Do Planck Units Remain Relevant Inside Black Holes?

[BernieM]

Do Planck units apply inside of black holes? Are they modified? Or are they irrelevant? If some Planck units remain unchanged and applicable in black holes, which ones would those be?

 

[Nabeshin]

Do Planck units apply inside of black holes? Are they modified? Or are they irrelevant? If some Planck units remain unchanged and applicable in black holes, which ones would those be?

Not sure what you mean, Planck units are just that, just a specific choice of units. The question is equivalent to asking if the mks or cgs unit system still applies within a black hole, which of course it does.

 

[BernieM]

Planck length is the length at which quantum indeterminacy becomes absolute, for example. I don't think that is analogous to other conventional systems of measurement. But rather than debate that, perhaps I can explain further the reason for the question. If the radius of a black hole = 0 then gravity is infinite and physics breaks down in essence. But is it actually possible for something that begins by posessing properties of size, mass, energy, etc., to actually attain a size of ZERO? And if it can not become ZERO in size then the radius of the black hole can never have a radius of zero and no actual breakdown in physics occurs. Well I hope this helps to understand my real question then.

 

[SHISHKABOB]

black holes definitely have a non-zero radius, I'm not sure what you're trying to get at

 

[Steely Dan]

Planck length is the length at which quantum indeterminacy becomes absolute, for example. I don't think that is analogous to other conventional systems of measurement.

The Planck length (or any other Planck unit) is simply defined as the collection of fundamental constants (speed of light, gravitational constant, fine structure constant, etc.) put together in the right combination to yield a quantity with dimension of length. It does indeed have physical meaning too, but the Planck length would only change inside a black hole if either $G$, $c$ or $\hbar$ changed inside a black hole.

But rather than debate that, perhaps I can explain further the reason for the question. If the radius of a black hole = 0 then gravity is infinite and physics breaks down in essence. But is it actually possible for something that begins by posessing properties of size, mass, energy, etc., to actually attain a size of ZERO? And if it can not become ZERO in size then the radius of the black hole can never have a radius of zero and no actual breakdown in physics occurs. Well I hope this helps to understand my real question then.

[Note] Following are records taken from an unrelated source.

text \<open>The free associative complex algebra on two generators p, q is modelled as
  finitely supported functions from words (lists of generators) to complex coefficients;
  addition and scalar multiplication are pointwise, multiplication is concatenation
  convolution. The Weyl algebra A is its quotient by the two-sided ideal generated by
  qp - pq - i; equality in A is expressed as membership of the difference in that ideal.\<close>

datatype gen = Gp | Gq

type_synonym fa = "gen list \<Rightarrow> complex"

definition fa_mult :: "fa \<Rightarrow> fa \<Rightarrow> fa" where
  "fa_mult f g = (\<lambda>w. \<Sum>i\<le>length w. f (take i w) * g (drop i w))"

definition fa_word :: "gen list \<Rightarrow> fa" where
  "fa_word u = (\<lambda>v. if v = u then 1 else 0)"

definition fa_scale :: "complex \<Rightarrow> fa \<Rightarrow> fa" where
  "fa_scale c f = (\<lambda>w. c * f w)"

definition fa_one :: fa where
  "fa_one = fa_word []"

primrec fa_pow :: "fa \<Rightarrow> nat \<Rightarrow> fa" where
  "fa_pow f 0 = fa_one"
| "fa_pow f (Suc m) = fa_mult f (fa_pow f m)"

definition fa_poly :: "complex poly \<Rightarrow> fa \<Rightarrow> fa" where
  "fa_poly P x = (\<Sum>j\<le>degree P. fa_scale (coeff P j) (fa_pow x j))"

definition weyl_rel :: fa where
  "weyl_rel = fa_word [Gq, Gp] - fa_word [Gp, Gq] - fa_scale \<i> fa_one"

inductive_set weyl_ideal :: "fa set" where
  gen: "weyl_rel \<in> weyl_ideal"
| zero: "0 \<in> weyl_ideal"
| add: "x \<in> weyl_ideal \<Longrightarrow> y \<in> weyl_ideal \<Longrightarrow> x + y \<in> weyl_ideal"
| scale: "x \<in> weyl_ideal \<Longrightarrow> fa_scale c x \<in> weyl_ideal"
| mult_left: "x \<in> weyl_ideal \<Longrightarrow> fa_mult (fa_word u) x \<in> weyl_ideal"
| mult_right: "x \<in> weyl_ideal \<Longrightarrow> fa_mult x (fa_word u) \<in> weyl_ideal"

definition weyl_eq :: "fa \<Rightarrow> fa \<Rightarrow> bool" where
  "weyl_eq x y \<longleftrightarrow> x - y \<in> weyl_ideal"

definition weyl_z :: fa where
  "weyl_z = fa_scale (1/2) (fa_word [Gq, Gp] + fa_word [Gp, Gq])"

definition weyl_sum :: "nat \<Rightarrow> (nat \<Rightarrow> complex) \<Rightarrow> fa" where
  "weyl_sum n a = (\<Sum>k\<le>n. fa_scale (a k)
      (fa_word (replicate k Gq @ replicate n Gp @ replicate (n - k) Gq)))"

definition is_assoc_poly :: "nat \<Rightarrow> (nat \<Rightarrow> complex) \<Rightarrow> complex poly \<Rightarrow> bool" where
  "is_assoc_poly n a P \<longleftrightarrow> degree P \<le> n \<and> weyl_eq (weyl_sum n a) (fa_poly P weyl_z)"

end

theory Submission
  imports Defs
begin

text \<open>Let the generators act on \<open>\<complex>[X]\<close> by the Schroedinger representation: \<open>q\<close> as multiplication
  by \<open>X\<close> and \<open>p\<close> as \<open>-\<i> d/dX\<close>. Then \<open>qp - pq\<close> acts as \<open>\<i>\<close>, so the Weyl ideal acts as zero
  and both sides of the defining identity of \<open>P\<close> act alike. Both act diagonally on monomials:
  \<open>z\<close> multiplies \<open>X\<^sup>m\<close> by \<open>-\<i>(m + 1/2)\<close>, and \<open>q\<^sup>k p\<^sup>n q\<^sup>n\<^sup>-\<^sup>k\<close> multiplies it by
  \<open>(-\<i>)\<^sup>n (m - k + 1)\<^sub>n\<close> (a Pochhammer symbol). Hence the polynomials \<open>P(-\<i>(t + 1/2))\<close> and
  \<open>(-\<i>)\<^sup>n \<Sum>\<^sub>k a\<^sub>k (t - k + 1)\<^sub>n\<close> in \<open>t\<close> agree on all naturals and are equal. The substitution
  \<open>t \<mapsto> -1 - t\<close> turns the argument of \<open>P\<close> into its negative, while the reflection formula
  for Pochhammer symbols and \<open>a\<^sub>k = a\<^sub>n\<^sub>-\<^sub>k\<close> show that it multiplies the right-hand side by \<open>(-1)\<^sup>n\<close>.\<close>

lemma smult_sum_right: "smult c (\<Sum>i\<in>S. f i) = (\<Sum>i\<in>S. smult c (f i))"
  by (induct S rule: infinite_finite_induct) (simp_all add: smult_add_right)

lemma poly_pochhammer: "poly (pochhammer p n) x = pochhammer (poly p x) n"
  by (induct n) (simp_all add: pochhammer_Suc)

lemma poly_eqI_of_nat:
  fixes p q :: "'a::{idom, ring_char_0} poly"
  assumes "\<And>m. poly p (of_nat m) = poly q (of_nat m)"
  shows "p = q"
proof (rule ccontr)
  assume "p \<noteq> q"
  then have "finite {x. poly (p - q) x = 0}"
    by (intro poly_roots_finite) simp
  moreover have "range (of_nat :: nat \<Rightarrow> 'a) \<subseteq> {x. poly (p - q) x = 0}"
    using assms by auto
  moreover have "infinite (range (of_nat :: nat \<Rightarrow> 'a))"
    by (intro range_inj_infinite inj_of_nat)
  ultimately show False
    using finite_subset by blast
qed

fun gen_op :: "gen \<Rightarrow> complex poly \<Rightarrow> complex poly" where
  "gen_op Gq v = pCons 0 v"
| "gen_op Gp v = smult (- \<i>) (pderiv v)"

definition word_op :: "gen list \<Rightarrow> complex poly \<Rightarrow> complex poly" where
  "word_op w = foldr gen_op w"

lemma word_op_simps [simp]:
  "word_op [] v = v"
  "word_op (g # w) v = gen_op g (word_op w v)"
  "word_op (u @ w) v = word_op u (word_op w v)"
  by (simp_all add: word_op_def)

lemma gen_op_add: "gen_op g (v + v') = gen_op g v + gen_op g v'"
  by (cases g) (simp_all add: pderiv_add smult_add_right)

lemma gen_op_smult: "gen_op g (smult c v) = smult c (gen_op g v)"
  by (cases g) (simp_all add: pderiv_smult mult.commute)

lemma word_op_add: "word_op w (v + v') = word_op w v + word_op w v'"
  by (induct w) (simp_all add: gen_op_add)

lemma word_op_smult: "word_op w (smult c v) = smult c (word_op w v)"
  by (induct w) (simp_all add: gen_op_smult)

lemma word_op_0 [simp]: "word_op w 0 = 0"
  using word_op_smult[of w 0 0] by simp

lemma word_op_sum: "word_op w (\<Sum>i\<in>S. f i) = (\<Sum>i\<in>S. word_op w (f i))"
  by (induct S rule: infinite_finite_induct) (simp_all add: word_op_add)

definition fa_support :: "fa \<Rightarrow> gen list set" where
  "fa_support f = {w. f w \<noteq> 0}"

definition fa_op :: "fa \<Rightarrow> complex poly \<Rightarrow> complex poly" where
  "fa_op f v = (\<Sum>w\<in>fa_support f. smult (f w) (word_op w v))"

lemma fa_op_eq_sum_superset:
  assumes "finite S" "fa_support f \<subseteq> S"
  shows "fa_op f v = (\<Sum>w\<in>S. smult (f w) (word_op w v))"
  unfolding fa_op_def
  by (rule sum.mono_neutral_left) (use assms in \<open>auto simp: fa_support_def\<close>)

lemma fa_support_word [simp]: "fa_support (fa_word u) = {u}"
  by (auto simp: fa_support_def fa_word_def)

lemma fa_op_word [simp]: "fa_op (fa_word u) v = word_op u v"
  unfolding fa_op_def fa_support_word by (simp add: fa_word_def)

lemma fa_support_zero [simp]: "fa_support 0 = {}"
  by (simp add: fa_support_def)

lemma fa_op_zero [simp]: "fa_op 0 v = 0"
  by (simp add: fa_op_def)

lemma fa_support_add: "fa_support (f + g) \<subseteq> fa_support f \<union> fa_support g"
  by (auto simp: fa_support_def)

lemma fa_support_diff: "fa_support (f - g) \<subseteq> fa_support f \<union> fa_support g"
  by (auto simp: fa_support_def)

lemma fa_support_scale: "fa_support (fa_scale c f) \<subseteq> fa_support f"
  by (auto simp: fa_support_def fa_scale_def)

lemma finite_fa_support_add [simp]:
  "finite (fa_support f) \<Longrightarrow> finite (fa_support g) \<Longrightarrow> finite (fa_support (f + g))"
  using fa_support_add finite_subset by blast

lemma finite_fa_support_diff [simp]:
  "finite (fa_support f) \<Longrightarrow> finite (fa_support g) \<Longrightarrow> finite (fa_support (f - g))"
  using fa_support_diff finite_subset by blast

lemma finite_fa_support_scale [simp]:
  "finite (fa_support f) \<Longrightarrow> finite (fa_support (fa_scale c f))"
  using fa_support_scale finite_subset by blast

lemma fa_op_add:
  assumes "finite (fa_support f)" "finite (fa_support g)"
  shows "fa_op (f + g) v = fa_op f v + fa_op g v"
proof -
  let ?S = "fa_support f \<union> fa_support g"
  have "fa_op (f + g) v = (\<Sum>w\<in>?S. smult ((f + g) w) (word_op w v))"
    using assms fa_support_add by (intro fa_op_eq_sum_superset) auto
  also have "\<dots> = (\<Sum>w\<in>?S. smult (f w) (word_op w v)) + (\<Sum>w\<in>?S. smult (g w) (word_op w v))"
    by (simp add: smult_add_left sum.distrib)
  finally show ?thesis
    using assms by (simp add: fa_op_eq_sum_superset[of ?S])
qed

lemma fa_op_diff:
  assumes "finite (fa_support f)" "finite (fa_support g)"
  shows "fa_op (f - g) v = fa_op f v - fa_op g v"
proof -
  let ?S = "fa_support f \<union> fa_support g"
  have "fa_op (f - g) v = (\<Sum>w\<in>?S. smult ((f - g) w) (word_op w v))"
    using assms fa_support_diff by (intro fa_op_eq_sum_superset) auto
  also have "\<dots> = (\<Sum>w\<in>?S. smult (f w) (word_op w v)) - (\<Sum>w\<in>?S. smult (g w) (word_op w v))"
    by (simp add: smult_diff_left sum_subtractf)
  finally show ?thesis
    using assms by (simp add: fa_op_eq_sum_superset[of ?S])
qed

lemma fa_op_scale:
  assumes "finite (fa_support f)"
  shows "fa_op (fa_scale c f) v = smult c (fa_op f v)"
proof -
  have "fa_op (fa_scale c f) v = (\<Sum>w\<in>fa_support f. smult (fa_scale c f w) (word_op w v))"
    using assms fa_support_scale by (intro fa_op_eq_sum_superset) auto
  then show ?thesis
    by (simp add: fa_op_def fa_scale_def smult_sum_right)
qed

lemma finite_fa_support_sum [simp]:
  "finite S \<Longrightarrow> (\<And>i. i \<in> S \<Longrightarrow> finite (fa_support (f i))) \<Longrightarrow>
    finite (fa_support (\<Sum>i\<in>S. f i))"
  by (induct S rule: finite_induct) simp_all

lemma fa_op_sum:
  assumes "finite S" "\<And>i. i \<in> S \<Longrightarrow> finite (fa_support (f i))"
  shows "fa_op (\<Sum>i\<in>S. f i) v = (\<Sum>i\<in>S. fa_op (f i) v)"
  using assms by (induct S rule: finite_induct) (simp_all add: fa_op_add)

lemma fa_mult_word_left:
  "fa_mult (fa_word u) f w = (if take (length u) w = u then f (drop (length u) w) else 0)"
proof -
  have "fa_mult (fa_word u) f w =
      (\<Sum>i\<le>length w. if i = length u then (if take i w = u then f (drop i w) else 0) else 0)"
    unfolding fa_mult_def fa_word_def by (rule sum.cong) auto
  then show ?thesis
    by (auto simp: sum.delta dest: arg_cong[where f = length])
qed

One possible meaning of the Planck length is that it is the smallest meaningful length scale, so that any object would at least have the size of the Planck length. This would preclude a black hole from having a size of zero. But this is far from a settled question.

 

[Chronos]

I assume you are talking about the singularity as opposed to the event horizon. I'm not sure the Planck length is relevant, but, the Planck density may be. At 10^93 gm/cm^3 it is really big, but, not infinite.

 

[BernieM]

Yes, I was not specific but I was referring to the singularity. I guess the problem I am having is that given that not even 'empty space' is ever truly empty, r could never = 0 as long as there is "something" there.

 

[Dickfore]

Planck length is the length at which quantum indeterminacy becomes absolute, for example.

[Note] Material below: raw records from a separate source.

lemma sat_d3_D8: "sat_d3 D8"
  unfolding sat_d3_def
proof (intro ballI)
  fix x y z assume "x \<in> carrier D8" "y \<in> carrier D8" "z \<in> carrier D8"
  then have "x [^]\<^bsub>D8\<^esub> (2::nat) = (0, 0) \<or> x \<in> {(1, 0), (3, 0)}"
    "y [^]\<^bsub>D8\<^esub> (2::nat) = (0, 0) \<or> y \<in> {(1, 0), (3, 0)}"
    "z [^]\<^bsub>D8\<^esub> (2::nat) = (0, 0) \<or> z \<in> {(1, 0), (3, 0)}"
    by (simp_all only: D8.nat_pow_2 D8_square_eq_one)
  then show "x [^]\<^bsub>D8\<^esub> (2::nat) = \<one>\<^bsub>D8\<^esub> \<or> y [^]\<^bsub>D8\<^esub> (2::nat) = \<one>\<^bsub>D8\<^esub> \<or>
      z [^]\<^bsub>D8\<^esub> (2::nat) = \<one>\<^bsub>D8\<^esub> \<or> x = y \<or> x = z \<or> y = z"
    by auto
qed

lemma in_cyc_D8:
  assumes "v \<in> carrier D8"
  shows "in_cyc D8 u v \<longleftrightarrow> u = (0, 0) \<or> u = v \<or> v \<in> {(1, 0), (3, 0)} \<and> u \<in> {(1, 0), (2, 0), (3, 0)}"
  using assms unfolding D8.in_cyc_iff[OF assms] carrier_D8_enum by (elim insertE emptyE; auto)

lemma sat_d4_D8: "sat_d4 D8"
proof -
  (* By the symmetry of (4), only the 56 strictly increasing triples are evaluated. *)
  have "x \<in> carrier D8 \<longrightarrow> y \<in> carrier D8 \<longrightarrow> z \<in> carrier D8 \<longrightarrow> d4_instance D8 x y z" for x y z
  proof (rule linorder_wlog_3[where P = "\<lambda>x y z. x \<in> carrier D8 \<longrightarrow> y \<in> carrier D8 \<longrightarrow>
      z \<in> carrier D8 \<longrightarrow> d4_instance D8 x y z"])
    show "x \<in> carrier D8 \<longrightarrow> y \<in> carrier D8 \<longrightarrow> z \<in> carrier D8 \<longrightarrow> d4_instance D8 x y z"
      if "x < y" "y < z" for x y z :: "nat \<times> nat"
      using that unfolding carrier_D8_enum
      by (intro impI; elim insertE emptyE; clarsimp; simp add: d4_instance_def in_cyc_D8 carrier_D8)
  qed (blast intro: d4_instance_swap12 d4_instance_swap23 d4_instance_diag)+
  then show ?thesis
    unfolding sat_d4_iff by blast
qed

lemma sat_basis_D8: "sat_basis D8"
  unfolding sat_basis_def using sat_d1_D8 sat_d2_D8 sat_d3_D8 sat_d4_D8 by blast

section \<open>Sections of D8 given by generators and relations\<close>

definition D8_rotations :: "(nat \<times> nat) set" where
  "D8_rotations = {(i, 0) | i. i < 4}"

lemma subgroup_D8_rotations: "subgroup D8_rotations D8"
proof (rule D8.subgroupI)
  show "D8_rotations \<subseteq> carrier D8"
    by (auto simp: D8_rotations_def carrier_D8)
  have "(0, 0) \<in> D8_rotations"
    by (simp add: D8_rotations_def)
  then show "D8_rotations \<noteq> {}"
    by blast
  show "a \<otimes>\<^bsub>D8\<^esub> b \<in> D8_rotations" if "a \<in> D8_rotations" "b \<in> D8_rotations" for a b
    using that by (auto simp: D8_rotations_def)
  show "inv\<^bsub>D8\<^esub> a \<in> D8_rotations" if rotation: "a \<in> D8_rotations" for a
  proof -
    obtain i where i: "a = (i, 0)" "i < 4"
      using rotation by (auto simp: D8_rotations_def)
    have "inv\<^bsub>D8\<^esub> (i, 0) = ((4 - i) mod 4, 0)"
      using i by (intro D8.inv_equality) (auto simp: carrier_D8 mod_add_left_eq)
    then show ?thesis
      using i by (simp add: D8_rotations_def)
  qed
qed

No, Planck length is defined as:
$$L_p \equiv \sqrt{\frac{G \hbar}{c^3}}$$

Period! So, which one of these constants do you suspect to change within a black hole?

 

[BernieM]

G. That's the problem if r=0 then G=$\infty$ or at least that's how I understand the dilemma of why physics breaks down in the singularity.

 

[Nabeshin]

G. That's the problem if r=0 then G=$\infty$ or at least that's how I understand the dilemma of why physics breaks down in the singularity.

This is a terrible way to try to understand it. In Einstein's theory, the constant G is the constant G, end of discussion. It never changes. Other theories of gravity might have a G that varies, but not GR. What happens at the singularity is the curvature of spacetime is predicted to be infinite: this is where we get a problem.